## What you should do
Needed from the entries below: every line that holds the word "subseteq".

(Collected data entries)

lemma bij_betw_axis_zeros_below_pi_half:
  assumes "n > 0"
  shows "bij_betw (\<lambda>z. cell_index n z div 2) {z \<in> axis_zeros n. z < pi / 2} {..< n div 2}"
proof -
  have "(\<lambda>z. cell_index n z div 2) ` {z \<in> axis_zeros n. z < pi / 2} \<subseteq> {..< n div 2}"
  proof
    fix j assume "j \<in> (\<lambda>z. cell_index n z div 2) ` {z \<in> axis_zeros n. z < pi / 2}"
    then obtain z where "z \<in> axis_zeros n" "z < pi / 2" and j: "j = cell_index n z div 2"
      by auto
    then have "odd (cell_index n z)" "cell_index n z < n"
      using cell_index_of_axis_zero[OF assms] by auto
    then show "j \<in> {..< n div 2}"
      unfolding j by simp presburger
  qed
  moreover have "{..< n div 2} \<subseteq> (\<lambda>z. cell_index n z div 2) ` {z \<in> axis_zeros n. z < pi / 2}"
  proof
    fix j assume "j \<in> {..< n div 2}"
    then obtain y where "y \<in> axis_zeros n" "y < pi / 2" "cell_index n y = 2 * j + 1"
      using axis_zero_in_odd_cell_exists by blast
    then show "j \<in> (\<lambda>z. cell_index n z div 2) ` {z \<in> axis_zeros n. z < pi / 2}"
      by (intro image_eqI[of _ _ y]) auto
  qed
  ultimately show ?thesis
    using inj_on_cell_index_div_2[OF assms] by (auto simp: bij_betw_def)
qed

lemma finite_card_axis_zeros:
  assumes "n > 0"
  shows "finite (axis_zeros n)" "card (axis_zeros n) = (n + 1) div 2"
proof -
  let ?below = "{z \<in> axis_zeros n. z < pi / 2}"
  note bij = bij_betw_axis_zeros_below_pi_half[OF assms]
  have below: "finite ?below" "card ?below = n div 2"
    using bij_betw_finite[OF bij] bij_betw_same_card[OF bij] by simp_all
  have "axis_zeros n = ?below \<union> (axis_zeros n \<inter> {pi / 2})"
    by (auto simp: axis_zeros_def)
  then have split: "axis_zeros n = ?below \<union> (if odd n then {pi / 2} else {})"
    using pi_half_in_axis_zeros_iff[of n] by auto
  show "finite (axis_zeros n)"
    using below(1) by (subst split) simp
  show "card (axis_zeros n) = (n + 1) div 2"
    using below by (subst split) (auto elim: oddE)
qed

lemma cv_rescaled_eq_0_iff:
  assumes "n > 0" "a > 1"
  shows "cv n a (2 * real n * y) = 0 \<longleftrightarrow> curve_im (2 * real n + 1) y = 0"
  using assms by (simp add: cv_rescaled)

lemma cu_rescaled_affine:
  assumes "n > 0" "a > 1"
  obtains c where "c > 0" "\<And>y. cu n a (2 * real n * y) = - (c * curve_re (2 * real n + 1) y) - 1"
proof
  show "(a + 1) / (real n * (real n + 1)) > 0" using assms by simp
qed (rule cu_rescaled[OF assms(1)])

lemma cu_rescaled_le_iff:
  assumes "n > 0" "a > 1"
  shows "cu n a (2 * real n * y) \<le> cu n a (2 * real n * z)
           \<longleftrightarrow> curve_re (2 * real n + 1) z \<le> curve_re (2 * real n + 1) y"
proof -
  obtain c where "c > 0" and cu: "\<And>y. cu n a (2 * real n * y) = - (c * curve_re (2 * real n + 1) y) - 1"
    using cu_rescaled_affine[OF assms] by blast
  then show ?thesis by (simp add: cu mult_le_cancel_left_pos)
qed
text \<open>In the garbage-collected semantics free has no effect on the heap, so a freed cell keeps
  its next-fields and malloc never hands out its address again.\<close>

lemma freed_in_adrs:
  assumes "\<tau> \<in> sem_gc P" "freed \<tau> a"
  shows "a \<in> adrs (heap_of \<tau>)"
proof -
  have "pval (heap_of \<tau>) (Nxt a 0) \<noteq> None"
    using assms
  proof (induction \<tau> rule: rev_induct)
    case (snoc act \<tau>)
    have run: "\<tau> \<in> sem_gc P" using snoc.prems sem_gc_appendD by blast
    have "pval (heap_of \<tau>) (Nxt a 0) \<noteq> None"
    proof (cases "freed \<tau> a")
      case True
      then show ?thesis using snoc.IH run by blast
    next
      case False
      then obtain x where "pval (heap_of \<tau>) (PV x) = Some (Adr a)"
        using snoc.prems(2) freed_snoc by blast
      then show ?thesis using wf_heap_sem_gc[OF run] unfolding wf_heap_def by blast
    qed
    then show ?case using step_next_defined wf_heap_sem_gc[OF run] by simp
  qed simp
  then show ?thesis by (rule in_adrsI)
qed

lemma valid_not_freed:
  "\<tau> \<in> sem_gc P \<Longrightarrow> e \<in> valid \<tau> \<Longrightarrow> freed \<tau> a \<Longrightarrow> pval (heap_of \<tau>) e \<noteq> Some (Adr a)"
proof (induction \<tau> arbitrary: e rule: rev_induct)
  case (snoc act \<tau>)
  have run: "\<tau> \<in> sem_gc P" using snoc.prems sem_gc_appendD by blast
  have enabled: "enabled_cmd (heap_of \<tau>) (acmd act) (choice act)"
    using snoc.prems sem_gc_snoc_enabled by blast
  note IH = snoc.IH[OF run]
  show ?case
  proof (cases "acmd act")
    case (Malloc x)
    then show ?thesis using snoc.prems IH enabled freed_in_adrs[OF run] freed_snoc[of \<tau> act a]
      by (auto simp: step_def split: option.splits adr.splits pexp.splits if_splits)
  qed (use snoc.prems IH freed_snoc[of \<tau> act a] in
        \<open>auto simp: step_def split: option.splits adr.splits pexp.splits if_splits\<close>)
qed simp

definition race_free :: "('t, 'l, 'p, 'd, 'v) action list \<Rightarrow> bool" where
  "race_free \<sigma> \<longleftrightarrow> (\<forall>\<tau> act \<rho>. \<sigma> = \<tau> @ [act] @ \<rho> \<longrightarrow> \<not> pointer_race \<tau> act)"

lemma PRF_iff_race_free: "PRF S \<longleftrightarrow> (\<forall>\<sigma>\<in>S. race_free \<sigma>)"
  by (auto simp: PRF_def race_free_def)

lemma race_free_Nil [simp]: "race_free []"
  by (simp add: race_free_def)

lemma race_free_snoc [simp]:
  "race_free (\<sigma> @ [act]) \<longleftrightarrow> race_free \<sigma> \<and> \<not> pointer_race \<sigma> act"
proof
  assume rf: "race_free (\<sigma> @ [act])"
  show "race_free \<sigma> \<and> \<not> pointer_race \<sigma> act"
  proof
    show "race_free \<sigma>"
      unfolding race_free_def
      using rf[unfolded race_free_def, rule_format, of _ _ "_ @ [act]"] by auto
    show "\<not> pointer_race \<sigma> act" using rf by (simp add: race_free_def)
  qed
next
  assume rf: "race_free \<sigma> \<and> \<not> pointer_race \<sigma> act"
  show "race_free (\<sigma> @ [act])"
    unfolding race_free_def
  proof (intro allI impI)
    fix \<tau> act' \<rho> assume split: "\<sigma> @ [act] = \<tau> @ [act'] @ \<rho>"
    show "\<not> pointer_race \<tau> act'"
    proof (cases \<rho> rule: rev_cases)
      case Nil
      then show ?thesis using split rf by simp
    next
      case (snoc \<rho>' _)
      then have "\<sigma> = \<tau> @ [act'] @ \<rho>'" using split by simp
      then show ?thesis using rf by (simp add: race_free_def)
    qed
  qed
qed

lemma first_race:
  assumes "\<not> race_free \<sigma>"
  obtains \<tau> act \<rho> where "\<sigma> = \<tau> @ [act] @ \<rho>" "pointer_race \<tau> act" "race_free \<tau>"
  using assms
proof (induction \<sigma> arbitrary: thesis rule: rev_induct)
  case (snoc act' \<sigma>)
  show ?case
  proof (cases "race_free \<sigma>")
    case True
    then show ?thesis using snoc.prems by auto
  next
    case False
    then show ?thesis using snoc by (metis append.assoc)
  qed
qed simp

section \<open>Invalid pointers dangle\<close>

definition dangling :: "('t, 'l, 'p, 'd, 'v) action list \<Rightarrow> 'p pexp \<Rightarrow> bool" where
  "dangling \<tau> e \<longleftrightarrow> (\<exists>b i. e = Nxt b i \<and> freed \<tau> b)
     \<or> (\<exists>a. pval (heap_of \<tau>) e = Some (Adr a) \<and> freed \<tau> a)"

lemma dangling_snoc_unchanged:
  "pval (heap_of (\<tau> @ [act])) e = pval (heap_of \<tau>) e \<Longrightarrow> dangling \<tau> e \<Longrightarrow> dangling (\<tau> @ [act]) e"
  by (auto simp: dangling_def freed_snoc simp del: heap_of_snoc)

lemma dangling_snoc_copy:
  "pval (heap_of (\<tau> @ [act])) e = pval (heap_of \<tau>) e' \<Longrightarrow> dangling \<tau> e'
    \<Longrightarrow> \<not> (\<exists>b i. e' = Nxt b i \<and> freed \<tau> b) \<Longrightarrow> dangling (\<tau> @ [act]) e"
  by (auto simp: dangling_def freed_snoc simp del: heap_of_snoc)

lemma wf_heap_deref_Adr:
  assumes "wf_heap h" "pval h (PV x) \<noteq> Some Seg"
  obtains c where "pval h (PV x) = Some (Adr c)"
  using assms unfolding wf_heap_def by (metis adr.exhaust option.exhaust)

lemma dangling_snoc_Free:
  assumes free: "acmd act = Free x"
    and IH: "\<And>e. e \<notin> valid \<tau> \<Longrightarrow> dangling \<tau> e"
    and invalid: "e \<notin> valid (\<tau> @ [act])"
  shows "dangling (\<tau> @ [act]) e"
proof (cases "e \<in> valid \<tau>")
  case True
  then show ?thesis using invalid free
    by (auto simp: dangling_def freed_snoc step_def split: option.splits adr.splits)
next
  case False
  then show ?thesis using free IH dangling_snoc_unchanged[of \<tau> act e] by (simp add: step_def)
qed

lemma dangling_snoc_Malloc:
  assumes run: "\<tau> @ [act] \<in> sem_gc P" and malloc: "acmd act = Malloc x"
    and IH: "\<And>e. e \<notin> valid \<tau> \<Longrightarrow> dangling \<tau> e"
    and invalid: "e \<notin> valid (\<tau> @ [act])"
  shows "dangling (\<tau> @ [act]) e"
proof -
  let ?h = "heap_of \<tau>"
  have run': "\<tau> \<in> sem_gc P" using run sem_gc_appendD by blast
  obtain b v where choice: "choice act = Some (b, v)" and fresh: "b \<notin> adrs ?h"
    using sem_gc_snoc_enabled[OF run] malloc by auto
  have old: "e \<notin> valid \<tau>" "e \<noteq> PV x" using invalid malloc by auto
  have "e \<noteq> Nxt b j" for j
    using IH[OF old(1)] fresh freed_in_adrs[OF run'] in_adrsI by (fastforce simp: dangling_def)
  then have "pval (step ?h act) e = pval ?h e"
    using old malloc choice by (auto simp: step_def split: pexp.splits)
  then show ?thesis using IH[OF old(1)] dangling_snoc_unchanged[of \<tau> act e] by simp
qed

## Answer to the exercise
  have "(\<lambda>z. cell_index n z div 2) ` {z \<in> axis_zeros n. z < pi / 2} \<subseteq> {..< n div 2}"
  moreover have "{..< n div 2} \<subseteq> (\<lambda>z. cell_index n z div 2) ` {z \<in> axis_zeros n. z < pi / 2}"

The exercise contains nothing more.